Dubai's trade with Denmark, Luxembourg and Finland dipped significantly by 43.4 per cent, 86.4 per cent and 24.3 per cent respectively last year, while that with the Netherlands was stagnant.
Dubai's trade with the UK went up slightly from Dh20 billion in 2006 to Dh22 billion in 2007. But the Dubai Chamber reported that during the last three years, imports from the country had actually been "stationary, with some very slight declines".
"Thus, despite the growth in exports, total trade with UK actually slowed down, contributing negatively to growth," the report said.
A source from Dubai Chamber's Data Management and Research Department said the decline in Dubai's trade with Europe could be attributed, among other factors, to the strengthening of the euro against the dollar.
"The US dollar-euro exchange rate could be affecting imports from Europe, as goods from European countries have become much more expensive," a researcher said.

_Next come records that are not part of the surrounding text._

(* Let $\Gamma_0$ be a normal system with entropy $S$, and let $\Gamma$ be a further state space such that $\prec$ is defined on $\Gamma$, on $\Gamma\times\Gamma_0$ and on multiple products of these spaces, satisfying (A1), (A2), (A3), (A6) and the cancellation law (comparability (B2) is NOT assumed). Fix reference states $Z_0\in\Gamma_0$, $X_1\in\Gamma$ and assume (B1): for every $X\in\Gamma$ there exist $Z',Z''\in\Gamma_0$ with $(X_1,Z')\prec(X,Z_0)\prec(X_1,Z'')$. For $X\in\Gamma$ define $$S_-(X)=\sup\{S(Z')\,:\,Z'\in\Gamma_0,\ (X_1,Z')\prec(X,Z_0)\},\qquad S_+(X)=\inf\{S(Z'')\,:\,Z''\in\Gamma_0,\ (X,Z_0)\prec(X_1,Z'')\}.$$ Then: (1) For $X,Y\in\Gamma$, $X\prec Y$ implies $S_-(X)\le S_-(Y)$ and $S_+(X)\le S_+(Y)$. (2) For $X,Y\in\Gamma$, if $S_+(X)\le S_-(Y)$ then $X\prec Y$. (3) Define $S_\pm$ on $\Gamma\times\Gamma$ analogously, using $\Gamma_0\times\Gamma_0$ (with entropy $S(Z,W)=S(Z)+S(W)$) as entropy meter and $(X_1,X_1)\in\Gamma\times\Gamma$, $(Z_0,Z_0)\in\Gamma_0\times\Gamma_0$ as reference points, i.e. $S_-(X,Y)=\sup\{S(Z')+S(W')\,:\,(X_1,X_1,Z',W')\prec(X,Y,Z_0,Z_0)\}$ and $S_+(X,Y)=\inf\{S(Z'')+S(W'')\,:\,(X,Y,Z_0,Z_0)\prec(X_1,X_1,Z'',W'')\}$. Then for all $X,Y\in\Gamma$, $$S_-(X)+S_-(Y)\le S_-(X,Y)\le S_+(X,Y)\le S_+(X)+S_+(Y).$$ (4) Define $S_\pm$ on $\Gamma\times\Gamma_0$ analogously, using $\Gamma_0$ as entropy meter and $(X_1,Z_0)\in\Gamma\times\Gamma_0$, $Z_0\in\Gamma_0$ as reference points, i.e. $S_-(X,Z)=\sup\{S(Z')\,:\,(X_1,Z_0,Z')\prec(X,Z,Z_0)\}$ and $S_+(X,Z)=\inf\{S(Z'')\,:\,(X,Z,Z_0)\prec(X_1,Z_0,Z'')\}$. Then $S_\pm(X,Z_0)=S_\pm(X)$ for $X\in\Gamma$ and $S_\pm(X_1,Z)=S(Z)$ for $Z\in\Gamma_0$. Moreover, if $\hat S$ is any function on $\Gamma\times\Gamma_0$ that is monotone with respect to $\prec$ (i.e. $A\prec B$ implies $\hat S(A)\le\hat S(B)$) and satisfies $\hat S(X_1,Z)=S(Z)$ for all $Z\in\Gamma_0$, then $S_-(X)\le\hat S(X,Z_0)\le S_+(X)$ for all $X\in\Gamma$.
   Context: Setting (axiomatic thermodynamics via adiabatic accessibility). States belong to state spaces; for states $X,Y$ (possibly in different spaces) $X\prec Y$ means $Y$ can be reached from $X$ by an adiabatic process; $X\sim_A Y$ means $X\prec Y$ and $Y\prec X$. For state spaces $\Gamma_1,\Gamma_2$ the product $\Gamma_1\times\Gamma_2$ consists of pairs $(X_1,X_2)$; multiple products are formed likewise, and $(X,Y,Z,W)$ denotes a state of a fourfold product. For a scalable space, $\lambda X$ ($\lambda>0$) denotes a scaled state. Assumptions on $\prec$: (A1) Reflexivity: $X\sim_A X$. (A2) Transitivity: $X\prec Y$, $Y\prec Z$ imply $X\prec Z$. (A3) Consistency: $X\prec X'$ and $Y\prec Y'$ imply $(X,Y)\prec(X',Y')$. (A6) Stability with respect to $\Gamma_0$: if $(X,\varepsilon Z_0)\prec(Y,\varepsilon Z_1)$ with $Z_0,Z_1\in\Gamma_0$ for a sequence of $\varepsilon>0$ tending to zero, then $X\prec Y$. Cancellation law: $(X_1,X_2)\prec(X_1,Y_2)$ implies $X_2\prec Y_2$. A normal system $\Gamma_0$ is a state space of equilibrium states on which scaling is defined, equipped with an additive and extensive entropy function $S:\Gamma_0\to\mathbb R$ ($S(\lambda Z)=\lambda S(Z)$, $S$ additive on products of scaled copies) which characterizes $\prec$: for two states in the same product of scaled copies of $\Gamma_0$, one precedes the other iff its entropy is $\le$ that of the other; moreover the range of $S$ is connected (if $S(X)<S(Y)$, every value in $[S(X),S(Y)]$ is attained by $S$ on $\Gamma_0$). Scaling is not assumed to be defined on $\Gamma$. *)

theory Defs
  imports Complex_Main "HOL-Library.Multiset"
begin

text \<open>An atom is either a state of the system Gamma (type 'g)
  or a scaled copy l Z of a state Z of the normal system Gamma0 (type 'z, l > 0).
  A compound state (a state of a product of these spaces) is a finite nonempty
  multiset of atoms; multisets encode the standard identification of products up
  to reordering and rebracketing.\<close>

datatype ('g, 'z) atom = G 'g | N real 'z

type_synonym ('g, 'z) state = "('g, 'z) atom multiset"

datatype space_label = Gamma_sp | Scaled_sp real

fun atom_space :: "('g, 'z) atom \<Rightarrow> space_label" where
  "atom_space (G g) = Gamma_sp"
| "atom_space (N l z) = Scaled_sp l"

definition space :: "('g, 'z) state \<Rightarrow> space_label multiset" where
  "space A = image_mset atom_space A"

definition valid_state :: "('g, 'z) state \<Rightarrow> bool" where
  "valid_state A \<longleftrightarrow> A \<noteq> {#} \<and> (\<forall>a\<in>#A. case a of G g \<Rightarrow> True | N l z \<Rightarrow> l > 0)"

definition pure0 :: "('g, 'z) state \<Rightarrow> bool" where
  "pure0 A \<longleftrightarrow> (\<forall>a\<in>#A. \<exists>l z. a = N l z)"

definition ent0 :: "('z \<Rightarrow> real) \<Rightarrow> ('g, 'z) state \<Rightarrow> real" where
  "ent0 S A = (\<Sum>a\<in>#A. case a of G g \<Rightarrow> 0 | N l z \<Rightarrow> l * S z)"

definition A1 :: "(('g,'z) state \<Rightarrow> ('g,'z) state \<Rightarrow> bool) \<Rightarrow> bool" where
  "A1 prec \<longleftrightarrow> (\<forall>X. valid_state X \<longrightarrow> prec X X)"

definition A2 :: "(('g,'z) state \<Rightarrow> ('g,'z) state \<Rightarrow> bool) \<Rightarrow> bool" where
  "A2 prec \<longleftrightarrow> (\<forall>X Y Z. valid_state X \<and> valid_state Y \<and> valid_state Z \<and>
      prec X Y \<and> prec Y Z \<longrightarrow> prec X Z)"

definition A3 :: "(('g,'z) state \<Rightarrow> ('g,'z) state \<Rightarrow> bool) \<Rightarrow> bool" where
  "A3 prec \<longleftrightarrow> (\<forall>X X' Y Y'. valid_state X \<and> valid_state X' \<and> valid_state Y \<and> valid_state Y' \<and>
      prec X X' \<and> prec Y Y' \<longrightarrow> prec (X + Y) (X' + Y'))"

definition A6 :: "(('g,'z) state \<Rightarrow> ('g,'z) state \<Rightarrow> bool) \<Rightarrow> bool" where
  "A6 prec \<longleftrightarrow> (\<forall>X Y Z0 Z1. valid_state X \<and> valid_state Y \<and>
      (\<forall>\<delta>>0. \<exists>\<epsilon>. 0 < \<epsilon> \<and> \<epsilon> < \<delta> \<and> prec (X + {#N \<epsilon> Z0#}) (Y + {#N \<epsilon> Z1#}))
      \<longrightarrow> prec X Y)"

definition cancellation :: "(('g,'z) state \<Rightarrow> ('g,'z) state \<Rightarrow> bool) \<Rightarrow> bool" where
  "cancellation prec \<longleftrightarrow> (\<forall>X1 X2 Y2. valid_state X1 \<and> valid_state X2 \<and> valid_state Y2 \<and>
      prec (X1 + X2) (X1 + Y2) \<longrightarrow> prec X2 Y2)"

definition normal_system :: "(('g,'z) state \<Rightarrow> ('g,'z) state \<Rightarrow> bool) \<Rightarrow> ('z \<Rightarrow> real) \<Rightarrow> bool" where
  "normal_system prec S \<longleftrightarrow>
     (\<forall>A B. valid_state A \<and> valid_state B \<and> pure0 A \<and> pure0 B \<and> space A = space B \<longrightarrow>
        (prec A B \<longleftrightarrow> ent0 S A \<le> ent0 S B)) \<and>
     (\<forall>X Y t. S X < S Y \<and> S X \<le> t \<and> t \<le> S Y \<longrightarrow> (\<exists>Z. S Z = t))"

definition Sminus where
  "Sminus prec S X1 Z0 X = Sup {S Z' | Z'. prec {#G X1, N 1 Z'#} {#G X, N 1 Z0#}}"
definition Splus where
  "Splus prec S X1 Z0 X = Inf {S Z'' | Z''. prec {#G X, N 1 Z0#} {#G X1, N 1 Z''#}}"

definition Sminus2 where
  "Sminus2 prec S X1 Z0 X Y = Sup {S Z' + S W' | Z' W'.
      prec {#G X1, G X1, N 1 Z', N 1 W'#} {#G X, G Y, N 1 Z0, N 1 Z0#}}"
definition Splus2 where
  "Splus2 prec S X1 Z0 X Y = Inf {S Z'' + S W'' | Z'' W''.
      prec {#G X, G Y, N 1 Z0, N 1 Z0#} {#G X1, G X1, N 1 Z'', N 1 W''#}}"

definition SminusC where
  "SminusC prec S X1 Z0 X Z = Sup {S Z' | Z'. prec {#G X1, N 1 Z0, N 1 Z'#} {#G X, N 1 Z, N 1 Z0#}}"
definition SplusC where
  "SplusC prec S X1 Z0 X Z = Inf {S Z'' | Z''. prec {#G X, N 1 Z, N 1 Z0#} {#G X1, N 1 Z0, N 1 Z''#}}"

end

theory Submission
  imports Defs
begin

text \<open>Everything except (2) follows from consistency, transitivity and cancellation, which
  let one add, chain and remove reference systems in the defining sets of \<open>S\<^sub>\<plusminus>\<close>.
  For (2), if \<open>S\<^sub>+(X) \<le> S\<^sub>-(Y)\<close> then a witness \<open>Z''\<close> for X and a witness \<open>Z'\<close> for Y can be
  chosen with \<open>S(Z'')\<close> exceeding \<open>S(Z')\<close> by an arbitrarily small amount. Any fixed pair of
  witnesses \<open>W\<^sub>1\<close>, \<open>W\<^sub>0\<close> gives a scaled process \<open>\<epsilon>W\<^sub>0 \<prec> \<epsilon>W\<^sub>1\<close> in \<open>\<Gamma>\<^sub>0\<close> paying for that defect, so
  \<open>(X, Z\<^sub>0, \<epsilon>W\<^sub>0) \<prec> (Y, Z\<^sub>0, \<epsilon>W\<^sub>1)\<close> for all small \<open>\<epsilon>\<close>; stability (A6) and cancellation then
  give \<open>X \<prec> Y\<close>.\<close>

lemma valid_state_add_mset_G [simp]:
  "valid_state (add_mset (G g) A) \<longleftrightarrow> A = {#} \<or> valid_state A"
  by (auto simp: valid_state_def)

lemma valid_state_add_mset_N [simp]:
  "valid_state (add_mset (N l z) A) \<longleftrightarrow> 0 < l \<and> (A = {#} \<or> valid_state A)"
  by (auto simp: valid_state_def)

lemma cSup_add_le:
  fixes A B C :: "'a::{conditionally_complete_linorder, ordered_ab_group_add} set"
  assumes "A \<noteq> {}" "B \<noteq> {}" "bdd_above C" "\<And>a b. a \<in> A \<Longrightarrow> b \<in> B \<Longrightarrow> a + b \<in> C"
  shows "Sup A + Sup B \<le> Sup C"
proof -
  have "Sup B \<le> Sup C - a" if "a \<in> A" for a
  proof (rule cSup_least)
    show "b \<le> Sup C - a" if "b \<in> B" for b
      using cSup_upper[OF assms(4) assms(3)] \<open>a \<in> A\<close> that by (simp add: le_diff_eq add.commute)
  qed (fact assms(2))
  then have "Sup A \<le> Sup C - Sup B"
    using assms(1) by (intro cSup_least) (auto simp: le_diff_eq add.commute)
  then show ?thesis
    by (simp add: le_diff_eq)
qed

lemma cInf_add_ge:
  fixes A B C :: "'a::{conditionally_complete_linorder, ordered_ab_group_add} set"
  assumes "A \<noteq> {}" "B \<noteq> {}" "bdd_below C" "\<And>a b. a \<in> A \<Longrightarrow> b \<in> B \<Longrightarrow> a + b \<in> C"
  shows "Inf C \<le> Inf A + Inf B"
proof -
  have "Inf C - a \<le> Inf B" if "a \<in> A" for a
  proof (rule cInf_greatest)
    show "Inf C - a \<le> b" if "b \<in> B" for b
      using cInf_lower[OF assms(4) assms(3)] \<open>a \<in> A\<close> that by (simp add: diff_le_eq add.commute)
  qed (fact assms(2))
  then have "Inf C - Inf B \<le> Inf A"
    using assms(1) by (intro cInf_greatest) (auto simp: diff_le_eq add.commute)
  then show ?thesis
    by (simp add: diff_le_eq)
qed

"Imports from European countries are heavily concentrated on electronic goods, machineries and transport equipment. Increasingly, large values of these goods are being imported from Japan, South Korea, China, USA and Australia."
Data released by Dubai World's Department of Statistics showed that Dubai had been heavily buying goods from China, spending about Dh68 billion on imports in 2007 alone, up from Dh46 billion in 2006. The trend is expected to continue, as China's heavy and technology-based industries are growing rapidly.
The five biggest imports from China were machinery, electrical and electronics equipment (Dh33 billion); base metals and their products (Dh8.4 billion); textiles and textile articles (Dh8.3 billion); miscellaneous manufactured articles (Dh4 billion) and plastics rubber products (Dh2 billion).
Dubai's imports from India, heavily dominated by gold and diamond, hit Dh43 billion last year from Dh28 billion in 2006. In 2007, the emirate spent Dh22 billion on India's precious and semi-precious stones and metals; Dh4.7 billion on base metals and their products; Dh4 billion on machinery, electrical and electronics equipment; Dh3 billion on textiles and textile articles and Dh2.6 billion on vegetable products.
Looking at the trade patterns for 2006 and 2007, the Dubai Chamber said the biggest contributor to declines in Dubai's total trade with Europe was Finland. Dubai's total trade with the country fell by 47 per cent in 2006 and 24 per cent in 2007.